┌──
text \<open>A monomial conjugation term \<open>(\<lambda>, \<sigma>, \<phi>)\<close> stands for \<open>\<lambda>\<close> times the conjugation by \<open>monomial_mat d \<sigma> \<phi>\<close>;
  a list of triples is a formal sum of such maps.\<close>

type_synonym mconj_term = "real \<times> (nat \<Rightarrow> nat) \<times> (nat \<Rightarrow> complex)"

definition mconj_eval :: "mconj_term list \<Rightarrow> (nat \<Rightarrow> nat \<Rightarrow> complex) \<Rightarrow> nat \<Rightarrow> nat \<Rightarrow> complex" where
  "mconj_eval xs f p q = (\<Sum>(l, \<sigma>, \<phi>)\<leftarrow>xs. of_real l * (\<phi> p * f (\<sigma> p) (\<sigma> q) * cnj (\<phi> q)))"

definition valid_mconj :: "nat \<Rightarrow> mconj_term list \<Rightarrow> bool" where
  "valid_mconj d xs \<longleftrightarrow>
     (\<forall>t \<in> set xs. fst (snd t) permutes {..<d} \<and> (\<forall>x. cmod (snd (snd t) x) = 1))"

definition mconj_weight :: "mconj_term list \<Rightarrow> real" where
  "mconj_weight xs = sum_list (map fst xs)"

lemma foldr_add_zero_mat:
  assumes "\<And>x. x \<in> set ys \<Longrightarrow> g x \<in> carrier_mat d d"
  shows "foldr (+) (map g ys) (0\<^sub>m d d) = mat d d (\<lambda>(p, q). \<Sum>x\<leftarrow>ys. g x $$ (p, q))"
  using assms
proof (induction ys)
  case Nil
  show ?case
    by (rule eq_matI) auto
next
  case (Cons y ys)
  then have "g y \<in> carrier_mat d d"
    by simp
  with Cons show ?case
    by (intro eq_matI) auto
qed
└──
* _What needs to be done_: Everything above, from first entry to last, must be reproduced exactly.

* _Expected answer_:
text \<open>A monomial conjugation term \<open>(\<lambda>, \<sigma>, \<phi>)\<close> stands for \<open>\<lambda>\<close> times the conjugation by \<open>monomial_mat d \<sigma> \<phi>\<close>;
  a list of triples is a formal sum of such maps.\<close>

type_synonym mconj_term = "real \<times> (nat \<Rightarrow> nat) \<times> (nat \<Rightarrow> complex)"

definition mconj_eval :: "mconj_term list \<Rightarrow> (nat \<Rightarrow> nat \<Rightarrow> complex) \<Rightarrow> nat \<Rightarrow> nat \<Rightarrow> complex" where
  "mconj_eval xs f p q = (\<Sum>(l, \<sigma>, \<phi>)\<leftarrow>xs. of_real l * (\<phi> p * f (\<sigma> p) (\<sigma> q) * cnj (\<phi> q)))"

definition valid_mconj :: "nat \<Rightarrow> mconj_term list \<Rightarrow> bool" where
  "valid_mconj d xs \<longleftrightarrow>
     (\<forall>t \<in> set xs. fst (snd t) permutes {..<d} \<and> (\<forall>x. cmod (snd (snd t) x) = 1))"

definition mconj_weight :: "mconj_term list \<Rightarrow> real" where
  "mconj_weight xs = sum_list (map fst xs)"

lemma foldr_add_zero_mat:
  assumes "\<And>x. x \<in> set ys \<Longrightarrow> g x \<in> carrier_mat d d"
  shows "foldr (+) (map g ys) (0\<^sub>m d d) = mat d d (\<lambda>(p, q). \<Sum>x\<leftarrow>ys. g x $$ (p, q))"
  using assms
proof (induction ys)
  case Nil
  show ?case
    by (rule eq_matI) auto
next
  case (Cons y ys)
  then have "g y \<in> carrier_mat d d"
    by simp
  with Cons show ?case
    by (intro eq_matI) auto
qed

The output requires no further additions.